La lunga storia dei marvel-movies ha insegnato a prendere con le molle i giudizi del primo minuto. La consegna della fase produttiva nelle mani della casa editrice ha inculcato anche nello spettatore cinematografico una sensazione ben nota al lettore dei comic-book. L’immediata percezione di appagamento non deve essere mai definitiva ma deve evaporare in tempo per il numero del mese successivo. Civil War si attiene coscienziosamente a questa logica anche se la dilata alla pratica di alcuni memorabili king-size annual.

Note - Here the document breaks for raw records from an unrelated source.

(* Let $Y\in\mathbb{R}^{M\times I}$ and $X\in\mathbb{R}^{N\times I}$ be nonnegative output and input data of $I$ DMUs, fix a DMU $\hat\imath$, an output index $m$, and $\sigma\ge0$, and let $\theta^{\hat\imath}$ be the nominal efficiency score of DMU $\hat\imath$. Let $\bar Y$ equal $Y$ except that the single entry $Y_{m\hat\imath}$ is replaced by $Y_{m\hat\imath}+\Delta_{m\hat\imath}$ (assumed nonnegative), and let $\gamma$ be the efficiency score of DMU $\hat\imath$ computed from $(\bar Y,X)$. If $\Delta_{m\hat\imath}=\sigma$ then $\gamma\ge\theta^{\hat\imath}$; if $\Delta_{m\hat\imath}=-\sigma$ then $\gamma\le\theta^{\hat\imath}$.
   Context: Input-oriented BCC DEA: the efficiency score of DMU $k$ with data $(X,Y)$ is $\min\{\theta: Y\lambda\ge y^k,\ X\lambda\le\theta x^k,\ e^T\lambda=1,\ \lambda\ge0\}$, where $y^k,x^k$ are the $k$-th columns and $e$ is the all-ones vector; the perturbed entry appears both in the $\hat\imath$-th column of $\bar Y$ and in the right-hand side $\bar y^{\hat\imath}$. *)

theory Defs
  imports Complex_Main
begin

text \<open>Data: Y is an M x I output matrix, X an N x I input matrix, represented as
  functions on indices (row, column) with explicit bounds.
  Input-oriented BCC efficiency score of DMU k:
  min { theta : Y lambda >= y^k, X lambda <= theta x^k, e^T lambda = 1, lambda >= 0 }.\<close>

definition bcc_feasible ::
  "nat \<Rightarrow> nat \<Rightarrow> nat \<Rightarrow> (nat \<Rightarrow> nat \<Rightarrow> real) \<Rightarrow> (nat \<Rightarrow> nat \<Rightarrow> real) \<Rightarrow> nat \<Rightarrow> real set" where
  "bcc_feasible M N I Y X k =
     {\<theta>. \<exists>lam::nat \<Rightarrow> real.
        (\<forall>i<I. 0 \<le> lam i) \<and> (\<Sum>i<I. lam i) = 1 \<and>
        (\<forall>m<M. (\<Sum>i<I. Y m i * lam i) \<ge> Y m k) \<and>
        (\<forall>n<N. (\<Sum>i<I. X n i * lam i) \<le> \<theta> * X n k)}"

definition bcc_score ::
  "nat \<Rightarrow> nat \<Rightarrow> nat \<Rightarrow> (nat \<Rightarrow> nat \<Rightarrow> real) \<Rightarrow> (nat \<Rightarrow> nat \<Rightarrow> real) \<Rightarrow> nat \<Rightarrow> real" where
  "bcc_score M N I Y X k = Inf (bcc_feasible M N I Y X k)"

definition perturb_entry ::
  "(nat \<Rightarrow> nat \<Rightarrow> real) \<Rightarrow> nat \<Rightarrow> nat \<Rightarrow> real \<Rightarrow> (nat \<Rightarrow> nat \<Rightarrow> real)" where
  "perturb_entry Y m k d = (\<lambda>r c. if r = m \<and> c = k then Y r c + d else Y r c)"

end

theory Submission
  imports Defs
begin

text \<open>Raising the single output entry Y m k by e \<ge> 0 turns the m-th output constraint
  of DMU k into \<open>\<Sum>i. Y m i \<lambda>\<^sub>i \<ge> Y m k + e (1 - \<lambda>\<^sub>k)\<close>, which is stronger than the
  original one because \<open>\<lambda>\<^sub>k \<le> 1\<close>. So the feasible set of the LP shrinks and its infimum,
  the efficiency score, can only grow. Lowering the entry is undone by raising it again,
  which gives the reverse inequality.\<close>

lemma unit_weight_in_bcc_feasible:
  assumes "k < I" and "\<forall>n<N. X n k \<le> \<theta> * X n k"
  shows "\<theta> \<in> bcc_feasible M N I Y X k"
proof -
  have unit: "(\<Sum>i<I. f i * (if i = k then 1 else 0)) = (f k :: real)" for f
    using assms(1) by (simp add: if_distrib sum.delta' cong: if_cong)
  show ?thesis
    unfolding bcc_feasible_def
    by (rule CollectI, rule exI[of _ "\<lambda>i. if i = k then 1 else 0"]) (use assms in \<open>simp add: unit\<close>)
qed

lemma bcc_feasible_nonneg:
  assumes Xnn: "\<forall>n<N. \<forall>i<I. 0 \<le> X n i" and n: "n < N" "0 < X n k"
    and \<theta>: "\<theta> \<in> bcc_feasible M N I Y X k"
  shows "0 \<le> \<theta>"
proof -
  obtain lam where lam: "\<forall>i<I. 0 \<le> lam i" "(\<Sum>i<I. X n i * lam i) \<le> \<theta> * X n k"
    using \<theta> n(1) unfolding bcc_feasible_def by blast
  have "0 \<le> (\<Sum>i<I. X n i * lam i)"
    using lam(1) Xnn n(1) by (intro sum_nonneg) simp
  then have "0 \<le> \<theta> * X n k"
    using lam(2) by linarith
  then show ?thesis
    using n(2) by (simp add: zero_le_mult_iff)
qed

lemma bcc_score_antimono:
  assumes sub: "bcc_feasible M N I Y X k \<subseteq> bcc_feasible M N I Y' X k"
    and k: "k < I" and Xnn: "\<forall>n<N. \<forall>i<I. 0 \<le> X n i"
  shows "bcc_score M N I Y' X k \<le> bcc_score M N I Y X k"
proof (cases "\<exists>n<N. 0 < X n k")
  case True
  then obtain n where "n < N" "0 < X n k"
    by blast
  then have "bdd_below (bcc_feasible M N I Y' X k)"
    using bcc_feasible_nonneg[OF Xnn] by (intro bdd_belowI[of _ 0]) blast
  moreover have "1 \<in> bcc_feasible M N I Y X k"
    using k by (intro unit_weight_in_bcc_feasible) auto
  ultimately show ?thesis
    unfolding bcc_score_def using sub by (intro cInf_superset_mono) auto
next
  case False
  \<comment> \<open>DMU k uses no input, so every \<open>\<theta>\<close> is feasible for both Y and Y'.\<close>
  then have "\<forall>n<N. X n k = 0"
    using Xnn k by force
  then have "bcc_feasible M N I Z X k = UNIV" for Z
    using k by (auto intro: unit_weight_in_bcc_feasible)
  then show ?thesis
    unfolding bcc_score_def by simp
qed

lemma weight_le_one:
  assumes "\<forall>i<I. 0 \<le> lam i" "(\<Sum>i<I. lam i) = (1::real)" "k < (I::nat)"
  shows "lam k \<le> 1"
proof -
  have "lam k \<le> (\<Sum>i<I. lam i)"
    using assms by (intro member_le_sum) (auto simp del: sum_nonneg)
  then show ?thesis
    using assms(2) by simp
qed

lemma sum_perturb_entry:
  assumes "k < I"
  shows "(\<Sum>i<I. perturb_entry Y m k d r i * lam i) =
           (\<Sum>i<I. Y r i * lam i) + (if r = m then d * lam k else 0)"
proof -
  have "(\<Sum>i<I. perturb_entry Y m k d r i * lam i) =
          (\<Sum>i<I. Y r i * lam i + (if r = m \<and> i = k then d * lam i else 0))"
    unfolding perturb_entry_def by (intro sum.cong) (auto simp: algebra_simps)
  also have "\<dots> = (\<Sum>i<I. Y r i * lam i) + (if r = m then d * lam k else 0)"
    using assms by (simp add: sum.distrib)
  finally show ?thesis .
qed

lemma perturb_entry_cancel: "perturb_entry (perturb_entry Y m k (- d)) m k d = Y"
  unfolding perturb_entry_def by (intro ext) auto

lemma bcc_feasible_perturb_entry_subset:
  assumes k: "k < I" and e: "0 \<le> e"
  shows "bcc_feasible M N I (perturb_entry Y m k e) X k \<subseteq> bcc_feasible M N I Y X k"
proof
  fix \<theta> assume "\<theta> \<in> bcc_feasible M N I (perturb_entry Y m k e) X k"
  then obtain lam where lam: "\<forall>i<I. 0 \<le> lam i" "(\<Sum>i<I. lam i) = 1"
      "\<forall>r<M. perturb_entry Y m k e r k \<le> (\<Sum>i<I. perturb_entry Y m k e r i * lam i)"
      "\<forall>n<N. (\<Sum>i<I. X n i * lam i) \<le> \<theta> * X n k"
    unfolding bcc_feasible_def by blast
  have "e * lam k \<le> e"
    using weight_le_one[OF lam(1,2) k] e by (simp add: mult_left_le)
  have "Y r k \<le> (\<Sum>i<I. Y r i * lam i)" if r: "r < M" for r
  proof -
    have "perturb_entry Y m k e r k \<le> (\<Sum>i<I. perturb_entry Y m k e r i * lam i)"
      using lam(3) r by blast
    also have "\<dots> = (\<Sum>i<I. Y r i * lam i) + (if r = m then e * lam k else 0)"
      by (rule sum_perturb_entry[OF k])
    finally show ?thesis
      using \<open>e * lam k \<le> e\<close> by (simp add: perturb_entry_def split: if_splits)
  qed
  then show "\<theta> \<in> bcc_feasible M N I Y X k"
    using lam unfolding bcc_feasible_def by blast
qed

theorem lemma5:
  fixes M N I :: nat and Y X :: "nat \<Rightarrow> nat \<Rightarrow> real"
    and k m :: nat and \<sigma> \<Delta> :: real
  assumes Ynn: "\<forall>r<M. \<forall>i<I. 0 \<le> Y r i"
    and Xnn: "\<forall>n<N. \<forall>i<I. 0 \<le> X n i"
    and k: "k < I" and m: "m < M"
    and sigma: "0 \<le> \<sigma>"
    and pert_nn: "0 \<le> Y m k + \<Delta>"
  shows "(\<Delta> = \<sigma> \<longrightarrow> bcc_score M N I (perturb_entry Y m k \<Delta>) X k \<ge> bcc_score M N I Y X k)
       \<and> (\<Delta> = - \<sigma> \<longrightarrow> bcc_score M N I (perturb_entry Y m k \<Delta>) X k \<le> bcc_score M N I Y X k)"
proof (intro conjI impI)
  assume "\<Delta> = \<sigma>"
  then show "bcc_score M N I Y X k \<le> bcc_score M N I (perturb_entry Y m k \<Delta>) X k"
    using bcc_score_antimono[OF bcc_feasible_perturb_entry_subset[OF k sigma] k Xnn] by simp
next
  assume "\<Delta> = - \<sigma>"
  then have "bcc_feasible M N I Y X k \<subseteq> bcc_feasible M N I (perturb_entry Y m k \<Delta>) X k"
    using bcc_feasible_perturb_entry_subset[OF k sigma, of M N "perturb_entry Y m k \<Delta>" m X]
    by (simp add: perturb_entry_cancel)
  then show "bcc_score M N I (perturb_entry Y m k \<Delta>) X k \<le> bcc_score M N I Y X k"
    by (rule bcc_score_antimono[OF _ k Xnn])
qed

end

La distanza ravvicinata con Batman V Superman di Zack Snyder offre un’occasione sia per valutare le conseguenze di questo approccio sia per ribadire che il marvel-movie è un genere a parte rispetto a quello più esteso dell’adattamento dei fumetti. La casa editrice ha un interesse formale che si limita alla stesura di un orizzonte omogeneo nel quale poter inserire a proprio piacimento il catalogo dei suoi personaggi. L’evoluzione futura dei suoi film raramente proporrà un cambio di tonalità analogo a quello che si è verificato nel passaggio da Man of Steel a Dawn of Justice. La possibilità di avere due scenari completamente differenti come quello di Metropolis e quello di Gotham City viene scartata come un rischio inutile. I supereroi della Marvel si muovono attraverso diverse città del mondo che si assomigliano tutte nonostante la loro collocazione geografica.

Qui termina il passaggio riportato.